Equity-Centered Trauma-Informed Education Reflection

Equity-Centered Trauma-Informed Education Reflection

When considering and enacting asset pedagogies, such as open pedagogy and culturally sustaining pedagogy (CSP), we often focus on single classrooms rather than systems/structures. CSP acknowledges and addresses “communities who have been and continue to be damaged and erased through schooling” (Paris & Alim). Equity-centered trauma-informed education, as conceived by Alex Shevrin Venet, recognizes that schooling plays a role “in causing and worsening trauma because of the role of schools in perpetuating oppression.” After reading “Defining Trauma-Informed Education” (sent by email), reflect on the following questions in the comments field below: 

thumbnail of cover of book entitled Equity-Centered Trauma-Informed Education
  • How might engaging with systems/structures identified in CSP and trauma-informed education influence what we do in our classrooms with our students?
  • How might engaging with these systems/structures influence the design of your open pedagogy assignments?
  • What practices at BMCC and/or in our departments and classes possibly replicate/cause trauma?


  1. For myself, I see all our work here in Professional Development through the lens of Trauma Pedagogy.
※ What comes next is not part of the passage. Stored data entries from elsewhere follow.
lemma teval_nonzero_at_matrix_units:
  assumes "finite (tsupp f)" "multilinear_in k f" "teval A f ij \<noteq> 0"
  shows "\<exists>c. teval (\<lambda>i. if i < k then matrix_unit (c i) else A i) f ij \<noteq> 0"
proof -
  have "\<exists>c. teval (\<lambda>i. if i < j then matrix_unit (c i) else A i) f ij \<noteq> 0" if "j \<le> k" for j
    using that
  proof (induction j)
    case 0
    then show ?case using assms(3) by simp
  next
    case (Suc j)
    then obtain c where c: "teval (\<lambda>i. if i < j then matrix_unit (c i) else A i) f ij \<noteq> 0"
      by (metis Suc_leD)
    define A' where "A' = (\<lambda>i. if i < j then matrix_unit (c i) else A i)"
    have "linear_form (\<lambda>X. teval (A'(j := X)) f ij)"
      using Suc.prems by (intro linear_form_teval[OF assms(1,2)]) simp
    moreover have "teval (A'(j := A' j)) f ij \<noteq> 0"
      using c unfolding A'_def[symmetric] by simp
    ultimately obtain pq where "teval (A'(j := matrix_unit pq)) f ij \<noteq> 0"
      using linear_form_nonzero_at_matrix_unit by blast
    moreover have "A'(j := matrix_unit pq) =
        (\<lambda>i. if i < Suc j then matrix_unit ((c(j := pq)) i) else A i)"
      by (auto simp: A'_def fun_eq_iff)
    ultimately show ?case
      by (intro exI[of _ "c(j := pq)"]) simp
  qed
  then show ?thesis by blast
qed

section \<open>Evaluation of \<open>Phi\<close> at distinct matrix units\<close>

lemma inj_on_extend_into:
  assumes c: "inj_on c K" "c ` K \<subseteq> B" and K: "K \<subseteq> M" and fin: "finite M" "finite B"
    and card: "card M \<le> card B"
  shows "\<exists>\<beta>. inj_on \<beta> M \<and> \<beta> ` M \<subseteq> B \<and> (\<forall>i\<in>K. \<beta> i = c i)"
proof -
  have "finite K" using K fin finite_subset by blast
  then have "card (M - K) \<le> card (B - c ` K)"
    using c K card by (simp add: card_Diff_subset card_image)
  then obtain \<gamma> where \<gamma>: "inj_on \<gamma> (M - K)" "\<gamma> ` (M - K) \<subseteq> B - c ` K"
    using card_le_inj fin by (meson finite_Diff)
  define \<beta> where "\<beta> i = (if i \<in> K then c i else \<gamma> i)" for i
  have "inj_on \<beta> K" "inj_on \<beta> (M - K)"
    using c \<gamma> by (auto simp: \<beta>_def inj_on_def)
  moreover have "\<beta> ` K \<inter> \<beta> ` (M - K) = {}"
    using \<gamma> by (auto simp: \<beta>_def)
  ultimately have "inj_on \<beta> (K \<union> (M - K))"
    unfolding inj_on_Un by auto
  moreover have "K \<union> (M - K) = M"
    using K by blast
  ultimately show ?thesis
    using c \<gamma> K by (intro exI[of _ \<beta>]) (auto simp: \<beta>_def)
qed

lemma tmono_eval_singletons:
  "tmono_eval A (map (\<lambda>i. [i]) is) (map \<beta> is) = (\<Prod>i\<leftarrow>is. A i $ fst (\<beta> i) $ snd (\<beta> i))"
proof (induction "is")
  case (Cons i "is")
  then show ?case
    by (cases "\<beta> i") (simp add: word_eval_def)
qed simp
It rings with me for a variety of reasons. First and foremost, was being asked to leave Acting Conservatory when I was twenty because of “insufficient development of professional potential” (you’ll note that 38 years later I still remember the exact phrase —- and the sting it carried). At the time I carried all the hallmarks of trauma described in the article; “anger, anxiety, aggression, hypervigilance”. At that institution there was no interest in helping students find a way through for themselves; the focus was on the institutional imperative to produce professionals, however that came about.

    From this experience, and many others both physical and mental, I have come to believe that we are all deeply informed by trauma. Not simply the trauma of the pandemic, although that is paramount for many at this time. There are endless, deeper traumas that we have all experienced through the course of our lifetimes and educations that color every thought, every action, every attitude we bring to bear at any given moment. I believe this is true not simply in the educational arena but in all aspects of life.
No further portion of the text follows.